Appellate Division of the Supreme Court of New York, Fourth Department
Jul 3, 1917
179 App. Div. 343 (N.Y. App. Div. 1917)

Opinion

July 3, 1917.

Albert C. Jordan, for the appellant.

L.T. Fetzer William F. Canough of counsel], for the respondent.


The plaintiff and defendant were married at Syracuse, N.Y., March 9, 1912. They lived together as husband and wife until April 5, 1913, when they separated. At the time the marriage relations of the parties were severed, defendant was suffering from epilepsy, and then became an inmate of the Craig Colony for Epileptics at Sonyea, N.Y. Following the separation, plaintiff brought this action to annul the marriage, alleging that the same was procured by force, duress and fraud exercised and perpetrated by defendant upon plaintiff whereby plaintiff was forced and induced to enter into the marriage contract with defendant. Plaintiff alleged that defendant threatened to kill plaintiff and herself unless plaintiff would marry her. The alleged fraud was based upon the fact that at the time of such marriage defendant was an epileptic and that she concealed such infirmity from plaintiff.

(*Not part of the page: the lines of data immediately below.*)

lemma finite_strong_pow_vertices: "finite V \<Longrightarrow> finite (strong_pow_vertices V n)"
  unfolding strong_pow_vertices_def using finite_lists_length_eq[of V n] by (simp add: conj_commute)

lemma strong_pow_vertices_Suc_hd_tl:
  assumes "v \<in> strong_pow_vertices V (Suc n)"
  shows "v = hd v # tl v" "hd v \<in> V" "tl v \<in> strong_pow_vertices V n"
  using assms by (cases v; auto simp: strong_pow_vertices_def)+

lemma strong_pow_adj_Cons:
  "strong_pow_adj E (x # xs) (y # ys) \<longleftrightarrow>
     x # xs \<noteq> y # ys \<and> (x = y \<or> E x y) \<and> (xs = ys \<or> strong_pow_adj E xs ys)"
  unfolding strong_pow_adj_def by (auto simp: less_Suc_eq_0_disj)

lemma finite_independent_set_cards:
  "finite V \<Longrightarrow> finite {card S |S. independent_set V E S}"
  by (rule finite_subset[of _ "card ` Pow V"]) (auto simp: independent_set_def)

lemma card_le_alpha: "finite V \<Longrightarrow> independent_set V E S \<Longrightarrow> card S \<le> alpha V E"
  unfolding alpha_def using finite_independent_set_cards by (intro Max_ge) auto

lemma alpha_attained:
  assumes "finite V" obtains S where "independent_set V E S" "card S = alpha V E"
proof -
  have "independent_set V E {}" by (simp add: independent_set_def)
  then have "{card S |S. independent_set V E S} \<noteq> {}" by blast
  then have "alpha V E \<in> {card S |S. independent_set V E S}"
    unfolding alpha_def using finite_independent_set_cards[OF assms] by (rule Max_in[rotated])
  then show ?thesis using that by auto
qed

lemma alpha_strong_pow_0: "alpha (strong_pow_vertices V 0) E \<le> 1"
proof -
  have "finite (strong_pow_vertices V 0)" by (simp add: strong_pow_vertices_def)
  then obtain S where "independent_set (strong_pow_vertices V 0) E S" "card S = alpha (strong_pow_vertices V 0) E"
    by (rule alpha_attained)
  then show ?thesis
    using card_mono[of "{[]}" S] by (auto simp: independent_set_def strong_pow_vertices_def)
qed

lemma card_clique_slice_le_alpha:
  assumes V: "finite V"
    and S: "independent_set (strong_pow_vertices V (Suc n)) (strong_pow_adj E) S"
    and K: "\<And>x y. x \<in> K \<Longrightarrow> y \<in> K \<Longrightarrow> x \<noteq> y \<Longrightarrow> E x y"
  shows "card {v \<in> S. hd v \<in> K} \<le> alpha (strong_pow_vertices V n) (strong_pow_adj E)"
proof -
  let ?T = "{v \<in> S. hd v \<in> K}"
  have vert: "v = hd v # tl v" "tl v \<in> strong_pow_vertices V n" if "v \<in> S" for v
  proof -
    have "v \<in> strong_pow_vertices V (Suc n)" using S that by (auto simp: independent_set_def)
    then show "v = hd v # tl v" "tl v \<in> strong_pow_vertices V n" by (rule strong_pow_vertices_Suc_hd_tl)+
  qed
  have apart: "\<not> (tl v = tl w \<or> strong_pow_adj E (tl v) (tl w))"
    if "v \<in> ?T" "w \<in> ?T" "v \<noteq> w" for v w
  proof
    assume "tl v = tl w \<or> strong_pow_adj E (tl v) (tl w)"
    moreover have "hd v = hd w \<or> E (hd v) (hd w)" using K that by auto
    ultimately have "strong_pow_adj E v w"
      using that vert strong_pow_adj_Cons[of E "hd v" "tl v" "hd w" "tl w"] by auto
    then show False using S that by (auto simp: independent_set_def)
  qed
  have "inj_on tl ?T" using apart by (auto intro: inj_onI)
  moreover have "independent_set (strong_pow_vertices V n) (strong_pow_adj E) (tl ` ?T)"
    using apart vert by (auto simp: independent_set_def strong_pow_adj_def)
  ultimately show ?thesis
    using card_le_alpha[OF finite_strong_pow_vertices[OF V]] by (metis card_image)
qed

lemma alpha_strong_pow_Suc_le:
  fixes K :: "'j \<Rightarrow> 'a set"
  assumes V: "finite V" and J: "finite J"
    and clique: "\<And>j x y. j \<in> J \<Longrightarrow> x \<in> K j \<Longrightarrow> y \<in> K j \<Longrightarrow> x \<noteq> y \<Longrightarrow> E x y"
    and cover: "\<And>x. x \<in> V \<Longrightarrow> d \<le> card {j \<in> J. x \<in> K j}"
  shows "d * alpha (strong_pow_vertices V (Suc n)) (strong_pow_adj E)
           \<le> card J * alpha (strong_pow_vertices V n) (strong_pow_adj E)"
proof -
  let ?V = "strong_pow_vertices V (Suc n)"
  obtain S where S: "independent_set ?V (strong_pow_adj E) S" "card S = alpha ?V (strong_pow_adj E)"
    using alpha_attained[OF finite_strong_pow_vertices[OF V]] .
  have "finite S" using S finite_strong_pow_vertices[OF V]
    by (auto simp: independent_set_def intro: finite_subset)
  have "d * card S = (\<Sum>v\<in>S. d)" by simp
  also have "\<dots> \<le> (\<Sum>v\<in>S. card {j \<in> J. hd v \<in> K j})"
  proof (rule sum_mono)
    fix v assume "v \<in> S"
    then have "v \<in> ?V" using S by (auto simp: independent_set_def)
    then show "d \<le> card {j \<in> J. hd v \<in> K j}" by (intro cover strong_pow_vertices_Suc_hd_tl)
  qed
  also have "\<dots> = (\<Sum>v\<in>S. \<Sum>j\<in>J. of_bool (hd v \<in> K j))"
    using J by (simp add: Int_def)
  also have "\<dots> = (\<Sum>j\<in>J. \<Sum>v\<in>S. of_bool (hd v \<in> K j))"
    by (rule sum.swap)
  also have "\<dots> = (\<Sum>j\<in>J. card {v \<in> S. hd v \<in> K j})"
    using \<open>finite S\<close> by (simp add: Int_def)
  also have "\<dots> \<le> (\<Sum>j\<in>J. alpha (strong_pow_vertices V n) (strong_pow_adj E))"
    using card_clique_slice_le_alpha[OF V S(1)] clique by (intro sum_mono) blast
  finally show ?thesis using S(2) by simp
qed

definition circ_arc :: "nat \<Rightarrow> nat \<Rightarrow> nat \<Rightarrow> nat set" where
  "circ_arc d q j = {x. x < q \<and> (int x - int j) mod int q < int d}"

lemma circ_arc_clique:
  assumes "x \<in> circ_arc d q j" "y \<in> circ_arc d q j" "x \<noteq> y"
  shows "circ_adj d q x y"
proof -
  define u where "u = (int x - int j) mod int q"
  define w where "w = (int y - int j) mod int q"
  have q: "x < q" "y < q" using assms by (auto simp: circ_arc_def)
  have "(u - w) mod int q = (int x - int y) mod int q"
    unfolding u_def w_def by (simp add: mod_diff_eq)
  then have "circ_dist (int q) (int x - int y) = circ_dist (int q) (u - w)"
    by (metis circ_dist_mod)
  moreover have "0 \<le> u" "u < int q" "0 \<le> w" "w < int q" using q by (simp_all add: u_def w_def)
  moreover have "u < int d" "w < int d" using assms by (simp_all add: circ_arc_def u_def w_def)
  ultimately have "circ_dist (int q) (int x - int y) < int d"
    using circ_dist_le_abs[of "u - w" "int q"] by linarith
  then show ?thesis using circ_adj_iff_circ_dist[OF q] assms(3) by simp
qed

lemma card_circ_arcs_containing:
  assumes "x < q" "d \<le> q"
  shows "d \<le> card {j \<in> {..<q}. x \<in> circ_arc d q j}"
proof -
  define h where "h i = nat ((int x - int i) mod int q)" for i
  have h: "int (h i) = (int x - int i) mod int q" for i using assms by (simp add: h_def)
  have h_inverse: "(int x - int (h i)) mod int q = int i" if "i < q" for i
    using that by (simp add: h mod_diff_right_eq)
  have "inj_on h {..<d}"
  proof (rule inj_onI)
    fix i i' assume "i \<in> {..<d}" "i' \<in> {..<d}" "h i = h i'"
    moreover from this have "i < q" "i' < q" using assms by auto
    ultimately have "int i = int i'" using h_inverse by metis
    then show "i = i'" by simp
  qed
  moreover have sub: "h ` {..<d} \<subseteq> {j \<in> {..<q}. x \<in> circ_arc d q j}"
  proof
    fix j assume "j \<in> h ` {..<d}"
    then obtain i where "i < d" and j: "j = h i" by blast
    then have "(int x - int j) mod int q < int d" using h_inverse[of i] assms by simp
    moreover have "int (h i) < int q" using h[of i] assms by simp
    then have "j < q" by (simp add: j)
    ultimately show "j \<in> {j \<in> {..<q}. x \<in> circ_arc d q j}"
      using assms by (simp add: circ_arc_def)
  qed
  ultimately show ?thesis
    using card_mono[OF _ sub] by (simp add: card_image)
qed

lemma alpha_circ_pow_le_alpha_bound:
  assumes "d \<le> q" "q < r * d"
  shows "alpha_circ_pow d q n \<le> alpha_bound r n"
proof (induction n)
  case 0
  show ?case using alpha_strong_pow_0 by (simp add: alpha_circ_pow_def)
next
  case (Suc n)
  have "\<not> r \<le> 1" using assms mult_le_mono1[of r 1 d] by linarith
  then have "r \<ge> 2" by simp
  have "d * alpha_circ_pow d q (Suc n) \<le> q * alpha_circ_pow d q n"
    unfolding alpha_circ_pow_def circ_vertices_def
    using alpha_strong_pow_Suc_le[of "{0..<q}" "{..<q}" "circ_arc d q" "circ_adj d q"]
      circ_arc_clique card_circ_arcs_containing assms(1) by simp
  also have "\<dots> \<le> q * alpha_bound r n" using Suc.IH by simp
  also have "\<dots> < d * (r * alpha_bound r n)"
    using assms(2) alpha_bound_pos[OF \<open>r \<ge> 2\<close>, of n] by (simp add: mult.assoc[symmetric] mult.commute)
  finally have "alpha_circ_pow d q (Suc n) < r * alpha_bound r n" by simp
  then show ?case by simp
qed

definition power_orbit :: "nat \<Rightarrow> nat \<Rightarrow> nat \<Rightarrow> nat \<Rightarrow> nat list" where
  "power_orbit r N n t = map (\<lambda>k. (r ^ k * t) mod N) [0..<n]"

lemma int_power_orbit_nth:
  "k < n \<Longrightarrow> int (power_orbit r N n t ! k) = (int r ^ k * int t) mod int N"
  by (simp add: power_orbit_def zmod_int)

lemma power_orbit_in_strong_pow_vertices:
  "N > 0 \<Longrightarrow> power_orbit r N n t \<in> strong_pow_vertices (circ_vertices N) n"
  by (auto simp: power_orbit_def strong_pow_vertices_def circ_vertices_def)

Defendant denied the exercise of any force and denied any fraud upon plaintiff. In view of the voluntary cohabitation of the parties subsequent to marriage, the allegations of force and duress must be deemed to have been waived, and plaintiff must recover, if at all, upon the claim that the marriage was procured through fraud. (Code Civ. Proc. § 1750.)

An examination of the evidence leads us to the conclusion that the finding of the learned trial court that plaintiff was induced to marry defendant through deception, concealment or misrepresentation on defendant's part is against the weight of the evidence.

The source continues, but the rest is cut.